Making Minor Characters Sing

This week we're talking about some of our favorite moments of the Storymasters conference in Houston, TX.  I have to say that my favorite day was the second day, when we were treated to eight hours of James Scott Bell, author of Plot &Structure.  I read Plot & Structure when I first started my writing journey, but plot is something I struggle with, and so I come back to this book often.   James, or "Jim" as the other presenters referred to him, was not only brilliant, but also funny and engaging.

While at the conference, I picked up a copy of Revision and Self-Editing, a book that Bell wrote to help transform a crappy first draft into a great work of fiction. It's a great book, with lots of tips for transforming scenes and livening up characters to make them jump off the page.

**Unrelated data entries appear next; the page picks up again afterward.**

lemma inner_on_mat_vec_sym:
  assumes "\<And>i j. i \<in> V \<Longrightarrow> j \<in> V \<Longrightarrow> M i j = M j i"
  shows "inner_on V x (mat_vec V M y) = inner_on V (mat_vec V M x) y"
proof -
  have "inner_on V x (mat_vec V M y) = (\<Sum>i\<in>V. \<Sum>j\<in>V. x i * M i j * y j)"
    unfolding inner_on_def mat_vec_def by (simp add: sum_distrib_left mult.assoc)
  also have "\<dots> = (\<Sum>j\<in>V. \<Sum>i\<in>V. x i * M i j * y j)"
    by (rule sum.swap)
  also have "\<dots> = inner_on V (mat_vec V M x) y"
    unfolding inner_on_def mat_vec_def
    by (auto simp: sum_distrib_right assms mult.commute mult.left_commute intro!: sum.cong)
      (simp add: sum_distrib_left assms mult.commute mult.left_commute)
  finally show ?thesis .
qed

 Bell encouraged us to think big, to create unique plots and larger than life characters that would draw a reader in. One thing that stuck with me was his take on minor characters.  According to Bell, every minor character should fall into one of two camps.  They are either allies or irritants to you main character.  Every minor character, even the perfunctory characters that are there to move the story along, the bartender, the cab driver or the grocery store clerk, should help or hinder your character along the way to solving the story's problems.  Thinking of even the most minor characters in this way helps you to keep focused on the primary plot objectives and also opens up a world of possibilities in terms of comedy, conflict and tension.

Bell suggested taking all the characters in your books and putting them in two lists.  Those who are there to help your main character accomplish her goals, and those who oppose her.  By understanding the relationship between the minor characters and the main goals of the protagonist, your scenes will start to write themselves thanks to the conflicts and relationships that naturally arise, while keeping the story on track and the plot trajectory moving forward.

What a simple concept.  Look at every character in your novel, and let the main character ask them- are you with me or against me?  The answer may surprise you.  And open up a world of possibilities to make even the most perfunctory scene or character sparkle.



I like this. Very simple and interesting to keep in mind. Thanks!

Talia, nice post, and thanks for the kind word. It really does make a difference in the story to do this, enhancing the reader's experience sort of "under the radar." Like that little character in that scene from Moonstruck. We barely notice, yet how much better was the scene because of her little "bits"?

Thanks again.

A Story Master! A Story Master! Thanks for coming by the blog, and for all the great wisdom on craft!

Thank you James for stopping by the blog! It was truly a pleasure to learn from you. Everything I write owes something to you and your books. It was really illuminating to see these points in action through film clips. I keep thinking about the hotel clerk in those scenes from the graduate, and how what could have been a mundane scene was elevated with conflict and tension.

Completely riveted by this week's posts. Thanks so much for all the information--and it's only Wednesday!

We have a celebrity sighting above!

I'm off to make my character list now.